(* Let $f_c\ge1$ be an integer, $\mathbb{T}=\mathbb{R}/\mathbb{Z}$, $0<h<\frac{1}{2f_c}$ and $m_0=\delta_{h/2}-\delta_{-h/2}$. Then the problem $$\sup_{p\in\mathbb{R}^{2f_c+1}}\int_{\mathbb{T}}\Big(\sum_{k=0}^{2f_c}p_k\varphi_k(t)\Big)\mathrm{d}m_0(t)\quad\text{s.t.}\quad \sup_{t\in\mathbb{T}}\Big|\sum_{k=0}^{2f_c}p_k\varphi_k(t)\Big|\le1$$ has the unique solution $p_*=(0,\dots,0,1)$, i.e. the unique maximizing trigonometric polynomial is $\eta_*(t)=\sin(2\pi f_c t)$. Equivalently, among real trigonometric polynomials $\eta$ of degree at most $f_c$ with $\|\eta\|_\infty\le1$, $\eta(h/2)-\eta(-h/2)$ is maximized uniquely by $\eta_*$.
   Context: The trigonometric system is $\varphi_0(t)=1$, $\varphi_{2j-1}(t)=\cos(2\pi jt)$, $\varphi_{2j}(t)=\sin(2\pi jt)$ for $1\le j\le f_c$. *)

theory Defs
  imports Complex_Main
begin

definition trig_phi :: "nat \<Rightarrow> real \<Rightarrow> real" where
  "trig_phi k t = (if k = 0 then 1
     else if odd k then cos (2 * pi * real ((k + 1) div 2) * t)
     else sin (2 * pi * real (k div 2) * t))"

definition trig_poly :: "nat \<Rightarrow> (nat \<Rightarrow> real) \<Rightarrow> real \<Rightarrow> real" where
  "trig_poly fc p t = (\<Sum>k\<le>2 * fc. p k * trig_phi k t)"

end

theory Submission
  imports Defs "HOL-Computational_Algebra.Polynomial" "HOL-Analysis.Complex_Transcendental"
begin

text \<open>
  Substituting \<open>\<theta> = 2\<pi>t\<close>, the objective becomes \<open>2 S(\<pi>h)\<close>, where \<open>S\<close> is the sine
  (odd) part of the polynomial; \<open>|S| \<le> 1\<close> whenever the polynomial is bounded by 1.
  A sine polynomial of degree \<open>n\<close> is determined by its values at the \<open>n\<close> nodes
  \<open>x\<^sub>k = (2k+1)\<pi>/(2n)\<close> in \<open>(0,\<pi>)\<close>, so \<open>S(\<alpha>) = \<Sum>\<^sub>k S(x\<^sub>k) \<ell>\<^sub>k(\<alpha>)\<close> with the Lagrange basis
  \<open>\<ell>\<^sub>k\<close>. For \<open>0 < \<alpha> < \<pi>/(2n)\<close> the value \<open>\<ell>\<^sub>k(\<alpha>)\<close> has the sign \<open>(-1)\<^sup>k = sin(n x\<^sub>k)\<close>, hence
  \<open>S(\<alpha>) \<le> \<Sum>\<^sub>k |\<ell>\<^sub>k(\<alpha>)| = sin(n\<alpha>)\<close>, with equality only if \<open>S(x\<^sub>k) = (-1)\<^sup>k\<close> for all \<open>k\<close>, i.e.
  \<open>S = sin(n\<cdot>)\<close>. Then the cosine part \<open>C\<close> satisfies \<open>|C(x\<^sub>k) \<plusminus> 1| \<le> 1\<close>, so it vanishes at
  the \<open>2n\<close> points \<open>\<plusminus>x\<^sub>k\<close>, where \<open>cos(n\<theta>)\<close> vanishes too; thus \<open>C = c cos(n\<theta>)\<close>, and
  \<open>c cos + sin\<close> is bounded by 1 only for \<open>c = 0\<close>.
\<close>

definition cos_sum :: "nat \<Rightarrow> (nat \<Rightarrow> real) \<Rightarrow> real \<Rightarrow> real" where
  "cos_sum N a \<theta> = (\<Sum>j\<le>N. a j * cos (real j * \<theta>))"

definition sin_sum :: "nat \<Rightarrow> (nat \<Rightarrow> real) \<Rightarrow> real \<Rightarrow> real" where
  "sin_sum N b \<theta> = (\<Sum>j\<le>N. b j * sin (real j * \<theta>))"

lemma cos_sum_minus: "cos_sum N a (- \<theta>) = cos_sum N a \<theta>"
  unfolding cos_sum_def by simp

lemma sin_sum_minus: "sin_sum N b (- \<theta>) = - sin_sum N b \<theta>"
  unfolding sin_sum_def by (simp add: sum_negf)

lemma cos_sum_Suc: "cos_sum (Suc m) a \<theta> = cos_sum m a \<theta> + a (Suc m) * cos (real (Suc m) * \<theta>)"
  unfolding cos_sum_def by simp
---
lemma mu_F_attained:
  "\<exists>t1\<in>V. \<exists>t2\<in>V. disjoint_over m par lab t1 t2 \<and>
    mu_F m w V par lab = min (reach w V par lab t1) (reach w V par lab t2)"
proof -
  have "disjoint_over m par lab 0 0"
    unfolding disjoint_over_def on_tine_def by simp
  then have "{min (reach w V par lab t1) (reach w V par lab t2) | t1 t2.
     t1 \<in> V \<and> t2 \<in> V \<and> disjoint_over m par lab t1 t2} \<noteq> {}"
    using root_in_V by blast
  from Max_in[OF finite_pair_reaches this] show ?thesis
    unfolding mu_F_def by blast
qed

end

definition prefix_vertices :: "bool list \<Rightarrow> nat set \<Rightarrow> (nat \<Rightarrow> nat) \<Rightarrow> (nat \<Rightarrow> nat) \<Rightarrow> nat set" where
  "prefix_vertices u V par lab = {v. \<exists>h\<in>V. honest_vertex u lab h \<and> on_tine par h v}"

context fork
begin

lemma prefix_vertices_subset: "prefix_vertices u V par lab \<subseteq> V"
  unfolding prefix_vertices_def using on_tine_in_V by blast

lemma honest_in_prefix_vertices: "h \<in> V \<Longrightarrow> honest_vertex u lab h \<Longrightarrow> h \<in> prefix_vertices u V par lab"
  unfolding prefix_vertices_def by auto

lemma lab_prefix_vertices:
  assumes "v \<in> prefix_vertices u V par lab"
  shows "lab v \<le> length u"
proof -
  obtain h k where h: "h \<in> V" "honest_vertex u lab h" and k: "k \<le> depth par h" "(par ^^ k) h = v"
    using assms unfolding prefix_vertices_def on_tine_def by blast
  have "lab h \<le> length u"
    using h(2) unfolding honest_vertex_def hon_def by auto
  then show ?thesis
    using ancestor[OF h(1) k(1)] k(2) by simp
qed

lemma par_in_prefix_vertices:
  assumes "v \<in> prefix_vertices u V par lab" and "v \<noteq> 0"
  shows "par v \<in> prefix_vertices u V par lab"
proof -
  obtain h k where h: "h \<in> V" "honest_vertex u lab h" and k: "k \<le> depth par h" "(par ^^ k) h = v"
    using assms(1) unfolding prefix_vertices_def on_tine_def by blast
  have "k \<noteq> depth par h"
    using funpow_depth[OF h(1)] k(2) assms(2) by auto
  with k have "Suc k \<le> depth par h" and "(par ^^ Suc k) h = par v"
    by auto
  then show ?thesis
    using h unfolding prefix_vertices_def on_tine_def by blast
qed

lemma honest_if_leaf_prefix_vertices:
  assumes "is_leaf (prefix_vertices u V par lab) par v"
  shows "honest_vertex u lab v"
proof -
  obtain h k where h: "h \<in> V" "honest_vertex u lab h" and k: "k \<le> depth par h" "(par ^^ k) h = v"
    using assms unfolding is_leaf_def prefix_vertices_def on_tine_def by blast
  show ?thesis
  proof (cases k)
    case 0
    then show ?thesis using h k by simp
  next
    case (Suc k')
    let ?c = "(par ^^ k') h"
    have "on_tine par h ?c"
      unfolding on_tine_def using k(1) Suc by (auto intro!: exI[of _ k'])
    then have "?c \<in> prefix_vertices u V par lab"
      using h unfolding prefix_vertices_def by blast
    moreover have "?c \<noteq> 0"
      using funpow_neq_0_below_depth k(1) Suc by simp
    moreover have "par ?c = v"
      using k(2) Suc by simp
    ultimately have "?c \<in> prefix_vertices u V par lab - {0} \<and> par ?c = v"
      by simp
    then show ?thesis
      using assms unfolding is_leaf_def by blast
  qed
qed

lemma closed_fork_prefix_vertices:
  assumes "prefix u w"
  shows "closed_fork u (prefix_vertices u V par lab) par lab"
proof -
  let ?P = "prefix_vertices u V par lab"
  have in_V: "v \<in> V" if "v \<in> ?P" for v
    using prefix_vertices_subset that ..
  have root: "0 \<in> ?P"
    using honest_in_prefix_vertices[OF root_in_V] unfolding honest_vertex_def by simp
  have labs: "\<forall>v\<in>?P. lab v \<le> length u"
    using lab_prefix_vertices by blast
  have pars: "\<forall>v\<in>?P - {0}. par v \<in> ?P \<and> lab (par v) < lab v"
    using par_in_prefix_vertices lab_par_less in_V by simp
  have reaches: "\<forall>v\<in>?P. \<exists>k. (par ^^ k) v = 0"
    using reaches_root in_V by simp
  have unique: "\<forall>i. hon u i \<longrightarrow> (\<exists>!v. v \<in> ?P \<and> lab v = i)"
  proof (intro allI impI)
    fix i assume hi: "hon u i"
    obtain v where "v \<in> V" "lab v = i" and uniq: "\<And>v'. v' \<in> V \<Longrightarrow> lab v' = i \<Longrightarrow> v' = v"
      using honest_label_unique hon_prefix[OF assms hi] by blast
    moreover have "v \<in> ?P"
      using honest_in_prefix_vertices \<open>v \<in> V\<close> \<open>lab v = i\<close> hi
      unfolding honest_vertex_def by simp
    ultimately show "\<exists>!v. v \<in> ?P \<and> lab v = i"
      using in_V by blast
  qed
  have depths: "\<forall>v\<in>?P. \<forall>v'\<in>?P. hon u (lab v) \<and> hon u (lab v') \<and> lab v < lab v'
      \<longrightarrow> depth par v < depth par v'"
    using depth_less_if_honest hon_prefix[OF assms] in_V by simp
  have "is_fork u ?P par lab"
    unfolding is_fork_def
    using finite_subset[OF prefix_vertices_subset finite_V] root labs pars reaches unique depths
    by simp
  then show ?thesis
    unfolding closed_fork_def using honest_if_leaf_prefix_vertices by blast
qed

* **About this task**
Among the records above, extract exactly the lines from the line with "u (prefix_vertices u" to the line with "using reaches_root in_V by simp", both lines included, and leave out the rest.

* **Task output**
  shows "closed_fork u (prefix_vertices u V par lab) par lab"
proof -
  let ?P = "prefix_vertices u V par lab"
  have in_V: "v \<in> V" if "v \<in> ?P" for v
    using prefix_vertices_subset that ..
  have root: "0 \<in> ?P"
    using honest_in_prefix_vertices[OF root_in_V] unfolding honest_vertex_def by simp
  have labs: "\<forall>v\<in>?P. lab v \<le> length u"
    using lab_prefix_vertices by blast
  have pars: "\<forall>v\<in>?P - {0}. par v \<in> ?P \<and> lab (par v) < lab v"
    using par_in_prefix_vertices lab_par_less in_V by simp
  have reaches: "\<forall>v\<in>?P. \<exists>k. (par ^^ k) v = 0"
    using reaches_root in_V by simp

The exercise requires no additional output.